Terpenoid indole alkaloid pathway operating in V. minor and the regulation strategy applied to enhance flux towards vincamine biosynthesis in the present study. Red broken arrows represent multi-step or uncharacterized reactions. *TDC tryptophan decarboxylase, SLS secologanin synthase, STR strictosidine synthase, SGD strictosidine β-glucosidase
Material and Methods
Hairy Root Induction and Establishment
Leaf explants from multiple shoot cultures of V. minor were used for hairy root induction. The mother stock shoot cultures were maintained on a MS [14] medium supplemented with 1.0 mg/l 6-benzyladenine (BA), 0.1 mg/l α-naphthaleneacetic acid (NAA), 0.4 mg/l thiamine hydrochloride, and 4.0 g/l Phytagel. For co-cultivation, the bacterial suspension of Agrobacterium rhizogenes strain A4 was raised in liquid YMB medium [15] supplemented with 50 mg/l kanamycin. Twenty-four-hour-old bacterial culture (OD 0.5 at 600 nm) was used for infecting the explants by wounding them with sterile needles dipped in the bacterial suspension. Untreated explants were plated to serve as controls. The treated explants were placed on a hormone-free MS medium for 5 days. After co-cultivation, the explants were shifted to a MS basal medium supplemented with cephalexin and ampicillin (500 mg/l each) for 15–20 days for bacterial elimination and root induction.
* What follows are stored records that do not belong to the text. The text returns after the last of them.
lemma coderivative_estimate_of_regular:
  assumes "continuous_on UNIV F" "open S" "x \<in> S"
    and z: "z \<in> coderivative (\<lambda>y. {F y}) x (F x) u"
    and reg: "\<And>q w u. q \<in> S \<Longrightarrow> w \<in> regular_coderivative F q u \<Longrightarrow>
      \<kappa> * (norm u)\<^sup>2 \<le> w \<bullet> u \<and> norm w \<le> L * norm u"
  shows "\<kappa> * (norm u)\<^sup>2 \<le> z \<bullet> u \<and> norm z \<le> L * norm u"
proof -
  obtain q w v where lim: "q \<longlonglongrightarrow> x" "w \<longlonglongrightarrow> z" "v \<longlonglongrightarrow> u"
    and wk: "\<And>k. w k \<in> regular_coderivative F (q k) (v k)"
    using z coderivative_fun_graph_iff[OF assms(1)] by blast
  have "eventually (\<lambda>k. q k \<in> S) sequentially"
    using lim(1) \<open>open S\<close> \<open>x \<in> S\<close> by (rule topological_tendstoD)
  then have ev: "eventually
      (\<lambda>k. \<kappa> * (norm (v k))\<^sup>2 \<le> w k \<bullet> v k \<and> norm (w k) \<le> L * norm (v k)) sequentially"
    by eventually_elim (use reg wk in blast)
  have "\<kappa> * (norm u)\<^sup>2 \<le> z \<bullet> u"
    by (rule tendsto_le[OF _ tendsto_inner[OF lim(2,3)]
          tendsto_mult_left[OF tendsto_power[OF tendsto_norm[OF lim(3)]]]])
      (use ev in \<open>auto elim: eventually_mono\<close>)
  moreover have "norm z \<le> L * norm u"
    by (rule tendsto_le[OF _ tendsto_mult_left[OF tendsto_norm[OF lim(3)]] tendsto_norm[OF lim(2)]])
      (use ev in \<open>auto elim: eventually_mono\<close>)
  ultimately show ?thesis ..
qed

lemma coderivative_nonpos_of_limits:
  fixes F :: "'a::euclidean_space \<Rightarrow> 'a"
  assumes cont: "continuous_on UNIV F" and "q \<longlonglongrightarrow> xb"
    and reg: "\<And>n. w n \<in> regular_coderivative F (q n) (u n)"
    and "\<And>n. norm (w n) \<le> L" "\<And>n. norm (u n) = 1"
    and small: "\<And>n. w n \<bullet> u n \<le> e n" and "e \<longlonglongrightarrow> 0"
  obtains w0 u0 where "u0 \<noteq> 0" "w0 \<in> coderivative (\<lambda>y. {F y}) xb (F xb) u0" "w0 \<bullet> u0 \<le> 0"
proof -
  have "seq_compact (cball (0::'a) L \<times> sphere (0::'a) 1)"
    by (intro compact_imp_seq_compact compact_Times compact_cball compact_sphere)
  moreover have "\<forall>n. (w n, u n) \<in> cball 0 L \<times> sphere 0 1"
    using assms(4,5) by simp
  ultimately obtain l r where l: "l \<in> cball 0 L \<times> sphere 0 1" and "strict_mono r"
    and lim: "((\<lambda>n. (w n, u n)) \<circ> r) \<longlonglongrightarrow> l"
    by (rule seq_compactE)
  have w_lim: "(\<lambda>k. w (r k)) \<longlonglongrightarrow> fst l" and u_lim: "(\<lambda>k. u (r k)) \<longlonglongrightarrow> snd l"
    using tendsto_fst[OF lim] tendsto_snd[OF lim] by (simp_all add: o_def)
  moreover have "(\<lambda>k. q (r k)) \<longlonglongrightarrow> xb"
    using LIMSEQ_subseq_LIMSEQ[OF \<open>q \<longlonglongrightarrow> xb\<close> \<open>strict_mono r\<close>] by (simp add: o_def)
  ultimately have "fst l \<in> coderivative (\<lambda>y. {F y}) xb (F xb) (snd l)"
    unfolding coderivative_fun_graph_iff[OF cont] using reg
    by (intro exI[of _ "\<lambda>k. q (r k)"] exI[of _ "\<lambda>k. w (r k)"] exI[of _ "\<lambda>k. u (r k)"]) simp
  moreover have "snd l \<noteq> 0" using l by auto
  moreover have "fst l \<bullet> snd l \<le> 0"
  proof (rule tendsto_le[OF _ _ tendsto_inner[OF w_lim u_lim]])
    show "(\<lambda>k. e (r k)) \<longlonglongrightarrow> 0"
      using LIMSEQ_subseq_LIMSEQ[OF \<open>e \<longlonglongrightarrow> 0\<close> \<open>strict_mono r\<close>] by (simp add: o_def)
  qed (use small in simp_all)
  ultimately show ?thesis using that by blast
qed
The resultant roots from independent transformation events were carefully excised and transferred to one-fourth strength of Gamborg [16] B5 liquid medium for growth and multiplication via regular sub-culturing through a 5-week culture cycle. Growth index (GI) of hairy roots was measured as percent increment over the initial inoculum weight [GI = {(final wt.–initial wt.)/initial wt.}×100]. All growth assays were made with three replicates per treatment, and experiment was repeated three times. The root cultures were incubated on a rotary shaker (80–100 rpm) under a 16-h light and 8-h dark photoperiod.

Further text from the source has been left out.